(Stored data entries)

■ ■ ■ ■

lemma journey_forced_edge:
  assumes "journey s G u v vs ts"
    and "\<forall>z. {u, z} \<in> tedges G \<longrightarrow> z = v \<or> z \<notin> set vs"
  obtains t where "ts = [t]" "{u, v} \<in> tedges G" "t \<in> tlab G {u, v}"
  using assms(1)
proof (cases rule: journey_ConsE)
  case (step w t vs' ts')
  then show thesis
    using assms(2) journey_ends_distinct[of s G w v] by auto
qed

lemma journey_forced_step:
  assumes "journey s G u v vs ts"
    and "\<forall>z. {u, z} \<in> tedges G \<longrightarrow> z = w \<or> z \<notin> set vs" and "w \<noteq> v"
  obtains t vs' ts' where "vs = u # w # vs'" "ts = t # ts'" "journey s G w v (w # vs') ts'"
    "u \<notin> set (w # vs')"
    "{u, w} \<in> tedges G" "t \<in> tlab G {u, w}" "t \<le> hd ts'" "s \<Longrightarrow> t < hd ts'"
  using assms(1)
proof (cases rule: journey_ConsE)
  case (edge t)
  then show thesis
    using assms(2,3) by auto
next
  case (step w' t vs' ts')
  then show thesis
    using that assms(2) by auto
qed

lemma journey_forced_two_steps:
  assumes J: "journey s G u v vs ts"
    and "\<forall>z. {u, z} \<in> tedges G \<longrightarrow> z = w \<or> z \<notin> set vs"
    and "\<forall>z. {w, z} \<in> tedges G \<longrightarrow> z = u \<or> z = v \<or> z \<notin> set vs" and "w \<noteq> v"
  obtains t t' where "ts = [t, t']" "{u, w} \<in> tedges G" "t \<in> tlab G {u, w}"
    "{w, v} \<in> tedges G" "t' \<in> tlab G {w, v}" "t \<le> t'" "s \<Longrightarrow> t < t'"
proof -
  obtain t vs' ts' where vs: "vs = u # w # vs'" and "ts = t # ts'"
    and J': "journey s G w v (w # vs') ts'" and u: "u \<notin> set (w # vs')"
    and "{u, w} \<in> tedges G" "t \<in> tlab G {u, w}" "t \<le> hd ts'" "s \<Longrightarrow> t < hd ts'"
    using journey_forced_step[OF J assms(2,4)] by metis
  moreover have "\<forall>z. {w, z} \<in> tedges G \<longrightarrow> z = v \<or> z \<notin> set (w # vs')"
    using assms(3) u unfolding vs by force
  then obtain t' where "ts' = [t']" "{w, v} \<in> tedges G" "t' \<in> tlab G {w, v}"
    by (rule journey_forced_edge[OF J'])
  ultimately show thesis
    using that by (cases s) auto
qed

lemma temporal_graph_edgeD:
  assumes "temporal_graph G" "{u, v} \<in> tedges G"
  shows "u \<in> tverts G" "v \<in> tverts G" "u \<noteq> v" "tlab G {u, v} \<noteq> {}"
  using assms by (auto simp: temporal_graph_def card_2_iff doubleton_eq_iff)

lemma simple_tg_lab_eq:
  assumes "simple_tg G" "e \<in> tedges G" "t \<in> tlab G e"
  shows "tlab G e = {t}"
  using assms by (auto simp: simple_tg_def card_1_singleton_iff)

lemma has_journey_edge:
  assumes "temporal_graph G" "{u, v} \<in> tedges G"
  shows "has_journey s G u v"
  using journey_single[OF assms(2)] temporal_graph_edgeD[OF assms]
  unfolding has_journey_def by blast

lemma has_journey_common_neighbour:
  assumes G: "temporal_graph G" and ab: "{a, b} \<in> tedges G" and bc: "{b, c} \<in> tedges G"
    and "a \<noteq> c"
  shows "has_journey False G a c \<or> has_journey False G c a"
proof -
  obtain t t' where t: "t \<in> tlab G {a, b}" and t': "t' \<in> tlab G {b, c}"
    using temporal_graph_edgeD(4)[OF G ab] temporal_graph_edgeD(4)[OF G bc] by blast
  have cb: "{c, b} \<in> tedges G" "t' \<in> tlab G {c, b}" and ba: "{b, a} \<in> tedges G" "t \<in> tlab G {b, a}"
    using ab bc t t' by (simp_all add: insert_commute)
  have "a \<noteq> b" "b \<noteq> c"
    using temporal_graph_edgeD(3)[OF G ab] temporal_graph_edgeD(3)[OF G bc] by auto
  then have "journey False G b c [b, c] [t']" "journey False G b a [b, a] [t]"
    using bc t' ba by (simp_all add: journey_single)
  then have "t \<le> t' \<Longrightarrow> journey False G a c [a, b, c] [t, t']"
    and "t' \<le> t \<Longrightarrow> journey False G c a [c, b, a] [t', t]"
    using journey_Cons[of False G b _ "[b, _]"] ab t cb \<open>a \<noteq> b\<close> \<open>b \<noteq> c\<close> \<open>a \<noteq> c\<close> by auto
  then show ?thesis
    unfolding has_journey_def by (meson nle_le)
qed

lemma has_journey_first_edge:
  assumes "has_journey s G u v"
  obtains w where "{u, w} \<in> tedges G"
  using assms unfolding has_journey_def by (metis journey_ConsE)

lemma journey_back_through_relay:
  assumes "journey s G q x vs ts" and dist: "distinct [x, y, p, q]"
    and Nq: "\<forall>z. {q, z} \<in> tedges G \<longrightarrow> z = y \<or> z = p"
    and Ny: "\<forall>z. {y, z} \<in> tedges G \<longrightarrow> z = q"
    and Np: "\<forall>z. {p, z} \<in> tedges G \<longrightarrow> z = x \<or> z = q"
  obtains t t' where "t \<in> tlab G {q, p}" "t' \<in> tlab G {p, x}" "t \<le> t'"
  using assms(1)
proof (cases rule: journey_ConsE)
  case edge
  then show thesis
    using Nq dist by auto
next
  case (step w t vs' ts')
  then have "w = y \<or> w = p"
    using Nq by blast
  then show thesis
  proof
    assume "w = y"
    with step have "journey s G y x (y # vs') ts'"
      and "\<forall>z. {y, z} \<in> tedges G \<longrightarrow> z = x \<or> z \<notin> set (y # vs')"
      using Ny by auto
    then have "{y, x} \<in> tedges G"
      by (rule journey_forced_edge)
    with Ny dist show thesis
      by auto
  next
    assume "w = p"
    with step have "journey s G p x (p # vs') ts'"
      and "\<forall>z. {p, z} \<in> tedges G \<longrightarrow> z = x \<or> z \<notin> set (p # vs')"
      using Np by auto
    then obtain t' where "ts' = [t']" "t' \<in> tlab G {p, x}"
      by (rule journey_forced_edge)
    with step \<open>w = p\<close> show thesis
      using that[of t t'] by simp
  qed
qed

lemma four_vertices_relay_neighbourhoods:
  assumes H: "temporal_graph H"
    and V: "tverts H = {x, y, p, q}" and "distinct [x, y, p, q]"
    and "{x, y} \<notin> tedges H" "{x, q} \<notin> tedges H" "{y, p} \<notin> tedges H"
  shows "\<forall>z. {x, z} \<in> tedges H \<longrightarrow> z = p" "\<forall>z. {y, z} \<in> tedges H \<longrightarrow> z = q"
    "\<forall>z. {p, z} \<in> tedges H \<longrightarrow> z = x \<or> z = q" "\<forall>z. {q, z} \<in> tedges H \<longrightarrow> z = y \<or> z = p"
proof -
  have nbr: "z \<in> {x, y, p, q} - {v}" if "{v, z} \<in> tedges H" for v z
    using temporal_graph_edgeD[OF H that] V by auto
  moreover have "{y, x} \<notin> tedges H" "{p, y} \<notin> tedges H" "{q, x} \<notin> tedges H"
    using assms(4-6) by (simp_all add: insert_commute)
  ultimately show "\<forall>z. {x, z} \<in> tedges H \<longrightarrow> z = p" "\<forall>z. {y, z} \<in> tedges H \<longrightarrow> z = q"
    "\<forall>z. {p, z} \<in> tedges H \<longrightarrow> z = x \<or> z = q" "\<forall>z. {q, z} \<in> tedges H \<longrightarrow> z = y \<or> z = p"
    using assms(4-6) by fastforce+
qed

■ ■ ■ ■

--- Exercise requirements ---
Using the entries above, copy out all lines that contain the string "obtains".

--- Output ---
  obtains t where "ts = [t]" "{u, v} \<in> tedges G" "t \<in> tlab G {u, v}"
  obtains t vs' ts' where "vs = u # w # vs'" "ts = t # ts'" "journey s G w v (w # vs') ts'"
  obtains t t' where "ts = [t, t']" "{u, w} \<in> tedges G" "t \<in> tlab G {u, w}"
  obtains w where "{u, w} \<in> tedges G"
  obtains t t' where "t \<in> tlab G {q, p}" "t' \<in> tlab G {p, x}" "t \<le> t'"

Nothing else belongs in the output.